**Instructions for the task:** Once the line with "theory Submission" is found in the data, output it and each following line exactly, up to and including the line with "f_(a+l) f_a f_(a+l)", and nothing before or after.

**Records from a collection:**
↓↓↓
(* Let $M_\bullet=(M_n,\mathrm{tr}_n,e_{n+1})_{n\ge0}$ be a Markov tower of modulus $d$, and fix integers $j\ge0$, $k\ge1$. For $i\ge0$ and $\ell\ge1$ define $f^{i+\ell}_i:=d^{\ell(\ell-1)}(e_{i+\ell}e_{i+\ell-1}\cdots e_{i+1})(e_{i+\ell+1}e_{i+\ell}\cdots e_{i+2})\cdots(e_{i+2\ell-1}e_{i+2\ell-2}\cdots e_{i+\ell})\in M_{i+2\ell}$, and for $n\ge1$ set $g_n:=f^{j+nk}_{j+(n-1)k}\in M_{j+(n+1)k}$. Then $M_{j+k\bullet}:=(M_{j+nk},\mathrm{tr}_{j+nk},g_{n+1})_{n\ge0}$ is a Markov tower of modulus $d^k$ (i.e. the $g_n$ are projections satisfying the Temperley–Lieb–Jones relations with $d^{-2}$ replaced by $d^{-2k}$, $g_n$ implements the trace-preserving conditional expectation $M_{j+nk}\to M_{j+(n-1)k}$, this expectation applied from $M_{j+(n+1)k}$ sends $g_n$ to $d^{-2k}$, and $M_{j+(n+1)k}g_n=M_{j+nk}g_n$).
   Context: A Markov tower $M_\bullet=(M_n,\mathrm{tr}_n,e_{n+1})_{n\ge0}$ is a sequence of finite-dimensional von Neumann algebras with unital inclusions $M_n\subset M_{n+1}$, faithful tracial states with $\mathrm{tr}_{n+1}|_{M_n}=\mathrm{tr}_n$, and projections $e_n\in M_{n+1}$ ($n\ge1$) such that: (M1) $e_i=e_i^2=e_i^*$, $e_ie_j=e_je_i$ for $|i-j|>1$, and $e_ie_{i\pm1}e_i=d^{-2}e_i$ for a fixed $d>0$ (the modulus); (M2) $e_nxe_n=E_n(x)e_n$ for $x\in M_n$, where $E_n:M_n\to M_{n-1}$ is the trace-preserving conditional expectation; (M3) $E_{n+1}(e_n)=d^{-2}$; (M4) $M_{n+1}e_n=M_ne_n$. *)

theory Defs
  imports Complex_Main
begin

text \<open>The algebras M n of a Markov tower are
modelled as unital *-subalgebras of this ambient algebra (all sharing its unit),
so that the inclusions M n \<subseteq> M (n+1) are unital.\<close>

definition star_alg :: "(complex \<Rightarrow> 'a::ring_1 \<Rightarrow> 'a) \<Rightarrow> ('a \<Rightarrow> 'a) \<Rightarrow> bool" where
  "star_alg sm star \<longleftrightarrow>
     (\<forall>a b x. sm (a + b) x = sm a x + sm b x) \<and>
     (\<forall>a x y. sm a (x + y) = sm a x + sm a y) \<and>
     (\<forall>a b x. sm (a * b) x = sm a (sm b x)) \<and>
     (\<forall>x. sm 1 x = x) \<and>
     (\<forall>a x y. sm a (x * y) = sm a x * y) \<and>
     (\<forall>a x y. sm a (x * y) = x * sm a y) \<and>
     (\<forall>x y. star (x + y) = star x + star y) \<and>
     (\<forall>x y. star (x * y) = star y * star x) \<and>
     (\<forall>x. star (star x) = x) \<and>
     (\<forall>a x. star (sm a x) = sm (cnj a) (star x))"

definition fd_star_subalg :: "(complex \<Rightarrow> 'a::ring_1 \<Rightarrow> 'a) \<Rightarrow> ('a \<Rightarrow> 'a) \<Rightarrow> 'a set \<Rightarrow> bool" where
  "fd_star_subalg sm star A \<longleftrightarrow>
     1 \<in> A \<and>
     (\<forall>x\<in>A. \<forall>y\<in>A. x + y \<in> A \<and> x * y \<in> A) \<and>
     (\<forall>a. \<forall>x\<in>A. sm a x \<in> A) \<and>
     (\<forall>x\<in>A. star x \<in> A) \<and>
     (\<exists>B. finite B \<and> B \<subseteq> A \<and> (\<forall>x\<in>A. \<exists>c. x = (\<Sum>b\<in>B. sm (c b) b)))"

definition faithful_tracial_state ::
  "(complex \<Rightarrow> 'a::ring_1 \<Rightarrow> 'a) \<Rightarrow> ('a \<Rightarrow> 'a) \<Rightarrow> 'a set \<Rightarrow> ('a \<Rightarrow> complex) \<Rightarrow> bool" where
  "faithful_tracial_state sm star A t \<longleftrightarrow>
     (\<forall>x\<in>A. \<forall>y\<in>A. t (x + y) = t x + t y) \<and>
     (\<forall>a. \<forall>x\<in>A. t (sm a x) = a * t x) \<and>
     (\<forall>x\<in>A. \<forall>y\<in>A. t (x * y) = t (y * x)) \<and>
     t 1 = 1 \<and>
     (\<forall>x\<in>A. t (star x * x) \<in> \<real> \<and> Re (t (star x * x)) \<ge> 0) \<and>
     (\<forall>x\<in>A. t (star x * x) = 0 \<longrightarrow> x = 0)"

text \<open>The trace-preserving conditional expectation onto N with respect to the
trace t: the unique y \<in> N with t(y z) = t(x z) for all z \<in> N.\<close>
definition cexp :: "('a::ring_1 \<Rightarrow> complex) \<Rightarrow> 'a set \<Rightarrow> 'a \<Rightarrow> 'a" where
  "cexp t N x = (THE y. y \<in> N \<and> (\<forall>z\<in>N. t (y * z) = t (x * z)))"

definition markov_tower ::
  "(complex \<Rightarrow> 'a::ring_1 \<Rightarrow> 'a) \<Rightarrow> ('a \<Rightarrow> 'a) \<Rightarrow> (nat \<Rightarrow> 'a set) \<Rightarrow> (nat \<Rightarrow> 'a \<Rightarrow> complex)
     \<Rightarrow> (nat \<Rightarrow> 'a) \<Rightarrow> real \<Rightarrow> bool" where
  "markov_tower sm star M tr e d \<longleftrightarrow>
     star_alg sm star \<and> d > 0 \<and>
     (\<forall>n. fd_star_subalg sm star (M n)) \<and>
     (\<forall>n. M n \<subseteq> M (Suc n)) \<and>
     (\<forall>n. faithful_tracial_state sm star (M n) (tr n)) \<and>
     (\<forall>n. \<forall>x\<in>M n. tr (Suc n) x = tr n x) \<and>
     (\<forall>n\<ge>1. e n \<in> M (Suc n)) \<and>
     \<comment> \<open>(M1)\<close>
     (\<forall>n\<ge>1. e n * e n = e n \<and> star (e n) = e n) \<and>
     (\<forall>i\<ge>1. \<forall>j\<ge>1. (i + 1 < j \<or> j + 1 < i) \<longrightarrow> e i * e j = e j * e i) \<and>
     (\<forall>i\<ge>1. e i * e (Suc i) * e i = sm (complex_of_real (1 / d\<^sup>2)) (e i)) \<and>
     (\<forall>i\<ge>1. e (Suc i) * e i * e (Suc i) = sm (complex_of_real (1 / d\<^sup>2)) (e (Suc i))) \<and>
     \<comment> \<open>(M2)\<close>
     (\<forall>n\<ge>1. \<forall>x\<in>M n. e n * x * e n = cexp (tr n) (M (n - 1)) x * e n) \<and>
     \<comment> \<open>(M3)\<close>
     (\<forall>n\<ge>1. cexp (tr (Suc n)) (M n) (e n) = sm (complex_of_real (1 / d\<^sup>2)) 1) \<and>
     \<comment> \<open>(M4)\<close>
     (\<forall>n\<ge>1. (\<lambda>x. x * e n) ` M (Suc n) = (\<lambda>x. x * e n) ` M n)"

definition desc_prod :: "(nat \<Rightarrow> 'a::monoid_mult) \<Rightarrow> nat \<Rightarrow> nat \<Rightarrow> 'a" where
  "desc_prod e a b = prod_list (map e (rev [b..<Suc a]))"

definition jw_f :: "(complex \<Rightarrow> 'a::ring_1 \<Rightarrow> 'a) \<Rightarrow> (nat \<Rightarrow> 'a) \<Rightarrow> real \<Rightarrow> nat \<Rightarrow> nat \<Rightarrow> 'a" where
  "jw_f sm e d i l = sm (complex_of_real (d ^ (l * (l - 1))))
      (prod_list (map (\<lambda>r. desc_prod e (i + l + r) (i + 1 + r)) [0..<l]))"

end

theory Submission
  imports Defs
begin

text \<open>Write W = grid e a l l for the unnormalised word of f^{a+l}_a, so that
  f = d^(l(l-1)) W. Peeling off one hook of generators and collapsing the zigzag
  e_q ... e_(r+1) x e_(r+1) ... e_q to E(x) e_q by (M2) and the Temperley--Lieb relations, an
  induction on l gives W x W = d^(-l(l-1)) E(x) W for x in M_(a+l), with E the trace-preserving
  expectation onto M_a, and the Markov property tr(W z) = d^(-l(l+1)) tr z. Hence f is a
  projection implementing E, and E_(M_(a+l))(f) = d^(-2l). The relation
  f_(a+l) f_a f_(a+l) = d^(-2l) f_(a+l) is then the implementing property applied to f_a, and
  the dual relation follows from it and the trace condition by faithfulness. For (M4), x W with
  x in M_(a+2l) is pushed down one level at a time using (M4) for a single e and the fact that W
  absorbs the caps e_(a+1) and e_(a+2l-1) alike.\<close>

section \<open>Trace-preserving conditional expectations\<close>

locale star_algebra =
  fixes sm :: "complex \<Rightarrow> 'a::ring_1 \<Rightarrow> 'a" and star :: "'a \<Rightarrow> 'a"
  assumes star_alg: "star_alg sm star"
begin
↑↑↑
**Exercise solution:**
theory Submission
  imports Defs
begin

text \<open>Write W = grid e a l l for the unnormalised word of f^{a+l}_a, so that
  f = d^(l(l-1)) W. Peeling off one hook of generators and collapsing the zigzag
  e_q ... e_(r+1) x e_(r+1) ... e_q to E(x) e_q by (M2) and the Temperley--Lieb relations, an
  induction on l gives W x W = d^(-l(l-1)) E(x) W for x in M_(a+l), with E the trace-preserving
  expectation onto M_a, and the Markov property tr(W z) = d^(-l(l+1)) tr z. Hence f is a
  projection implementing E, and E_(M_(a+l))(f) = d^(-2l). The relation
  f_(a+l) f_a f_(a+l) = d^(-2l) f_(a+l) is then the implementing property applied to f_a, and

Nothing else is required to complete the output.